Up to and including the line with "ext_supp y. ?t x", output the records exactly as they appear.

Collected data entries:
=== Section Start ===
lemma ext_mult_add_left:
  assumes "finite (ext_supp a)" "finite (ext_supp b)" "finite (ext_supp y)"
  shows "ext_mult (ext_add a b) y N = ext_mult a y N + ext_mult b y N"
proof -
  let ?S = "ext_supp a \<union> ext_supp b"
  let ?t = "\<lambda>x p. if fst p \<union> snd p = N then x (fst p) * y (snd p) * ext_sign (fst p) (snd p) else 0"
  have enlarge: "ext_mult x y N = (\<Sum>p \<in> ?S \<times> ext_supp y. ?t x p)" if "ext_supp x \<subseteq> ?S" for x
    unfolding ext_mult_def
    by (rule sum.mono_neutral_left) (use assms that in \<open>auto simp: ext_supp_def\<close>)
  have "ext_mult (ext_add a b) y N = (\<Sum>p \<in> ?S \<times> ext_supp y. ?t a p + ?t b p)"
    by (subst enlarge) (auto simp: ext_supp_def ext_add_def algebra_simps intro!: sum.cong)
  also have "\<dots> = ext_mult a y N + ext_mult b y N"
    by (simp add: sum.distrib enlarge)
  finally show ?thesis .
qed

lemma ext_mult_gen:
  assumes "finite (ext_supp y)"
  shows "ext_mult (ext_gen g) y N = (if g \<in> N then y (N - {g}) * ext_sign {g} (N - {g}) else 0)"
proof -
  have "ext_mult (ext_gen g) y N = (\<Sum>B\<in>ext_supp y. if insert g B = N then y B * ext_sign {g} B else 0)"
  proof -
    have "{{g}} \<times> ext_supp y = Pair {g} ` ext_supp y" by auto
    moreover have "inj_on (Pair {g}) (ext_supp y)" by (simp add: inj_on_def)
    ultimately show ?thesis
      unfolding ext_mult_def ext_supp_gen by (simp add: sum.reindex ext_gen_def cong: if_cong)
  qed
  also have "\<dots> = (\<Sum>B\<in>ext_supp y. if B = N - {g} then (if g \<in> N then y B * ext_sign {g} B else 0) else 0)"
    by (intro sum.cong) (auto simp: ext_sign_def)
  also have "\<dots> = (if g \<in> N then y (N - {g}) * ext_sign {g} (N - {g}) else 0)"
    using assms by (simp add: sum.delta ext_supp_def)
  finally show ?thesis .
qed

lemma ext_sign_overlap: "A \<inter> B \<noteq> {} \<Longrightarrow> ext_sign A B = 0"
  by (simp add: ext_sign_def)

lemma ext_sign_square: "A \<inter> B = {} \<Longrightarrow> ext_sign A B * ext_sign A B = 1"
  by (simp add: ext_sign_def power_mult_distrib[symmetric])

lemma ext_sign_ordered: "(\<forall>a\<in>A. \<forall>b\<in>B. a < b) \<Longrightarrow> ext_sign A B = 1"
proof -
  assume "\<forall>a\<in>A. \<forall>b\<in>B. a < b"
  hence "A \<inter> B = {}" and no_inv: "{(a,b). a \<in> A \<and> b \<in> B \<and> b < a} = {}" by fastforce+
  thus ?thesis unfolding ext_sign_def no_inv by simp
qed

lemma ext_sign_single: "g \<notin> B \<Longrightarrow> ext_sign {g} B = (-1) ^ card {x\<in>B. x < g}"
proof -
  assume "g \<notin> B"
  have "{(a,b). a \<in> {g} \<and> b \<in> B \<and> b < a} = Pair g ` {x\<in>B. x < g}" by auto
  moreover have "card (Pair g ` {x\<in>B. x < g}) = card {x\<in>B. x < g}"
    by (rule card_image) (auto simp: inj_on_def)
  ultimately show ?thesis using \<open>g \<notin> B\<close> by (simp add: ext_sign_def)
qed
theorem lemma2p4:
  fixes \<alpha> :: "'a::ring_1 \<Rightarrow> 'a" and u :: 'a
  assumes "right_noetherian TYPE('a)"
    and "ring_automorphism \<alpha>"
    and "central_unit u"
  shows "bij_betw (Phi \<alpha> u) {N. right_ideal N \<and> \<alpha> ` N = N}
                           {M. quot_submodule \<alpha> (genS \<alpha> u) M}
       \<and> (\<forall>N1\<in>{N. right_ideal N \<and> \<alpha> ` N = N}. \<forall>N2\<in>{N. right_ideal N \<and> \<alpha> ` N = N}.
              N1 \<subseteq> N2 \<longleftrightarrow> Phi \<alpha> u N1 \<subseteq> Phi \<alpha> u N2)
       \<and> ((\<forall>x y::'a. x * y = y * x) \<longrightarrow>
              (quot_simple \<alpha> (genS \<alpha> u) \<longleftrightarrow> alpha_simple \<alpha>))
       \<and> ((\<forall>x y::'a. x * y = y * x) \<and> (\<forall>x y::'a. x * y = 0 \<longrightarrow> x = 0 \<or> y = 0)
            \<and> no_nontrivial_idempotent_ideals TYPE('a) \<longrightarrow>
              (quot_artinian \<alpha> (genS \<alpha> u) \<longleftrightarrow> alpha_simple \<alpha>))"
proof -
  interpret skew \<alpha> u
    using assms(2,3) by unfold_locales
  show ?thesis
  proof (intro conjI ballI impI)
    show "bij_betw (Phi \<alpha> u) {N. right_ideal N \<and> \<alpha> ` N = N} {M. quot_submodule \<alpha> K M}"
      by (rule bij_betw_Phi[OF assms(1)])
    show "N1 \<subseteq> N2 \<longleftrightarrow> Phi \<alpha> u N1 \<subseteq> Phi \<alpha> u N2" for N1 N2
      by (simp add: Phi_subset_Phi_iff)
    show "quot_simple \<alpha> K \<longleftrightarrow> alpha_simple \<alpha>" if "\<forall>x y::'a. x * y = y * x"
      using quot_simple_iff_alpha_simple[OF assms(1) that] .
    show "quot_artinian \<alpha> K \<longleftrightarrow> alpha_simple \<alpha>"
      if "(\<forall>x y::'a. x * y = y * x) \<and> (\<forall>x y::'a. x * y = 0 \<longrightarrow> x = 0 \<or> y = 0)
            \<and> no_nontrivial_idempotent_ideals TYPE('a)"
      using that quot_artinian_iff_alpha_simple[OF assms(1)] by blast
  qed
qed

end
=== Section End ===
**Answer space:**
lemma ext_mult_add_left:
  assumes "finite (ext_supp a)" "finite (ext_supp b)" "finite (ext_supp y)"
  shows "ext_mult (ext_add a b) y N = ext_mult a y N + ext_mult b y N"
proof -
  let ?S = "ext_supp a \<union> ext_supp b"
  let ?t = "\<lambda>x p. if fst p \<union> snd p = N then x (fst p) * y (snd p) * ext_sign (fst p) (snd p) else 0"
  have enlarge: "ext_mult x y N = (\<Sum>p \<in> ?S \<times> ext_supp y. ?t x p)" if "ext_supp x \<subseteq> ?S" for x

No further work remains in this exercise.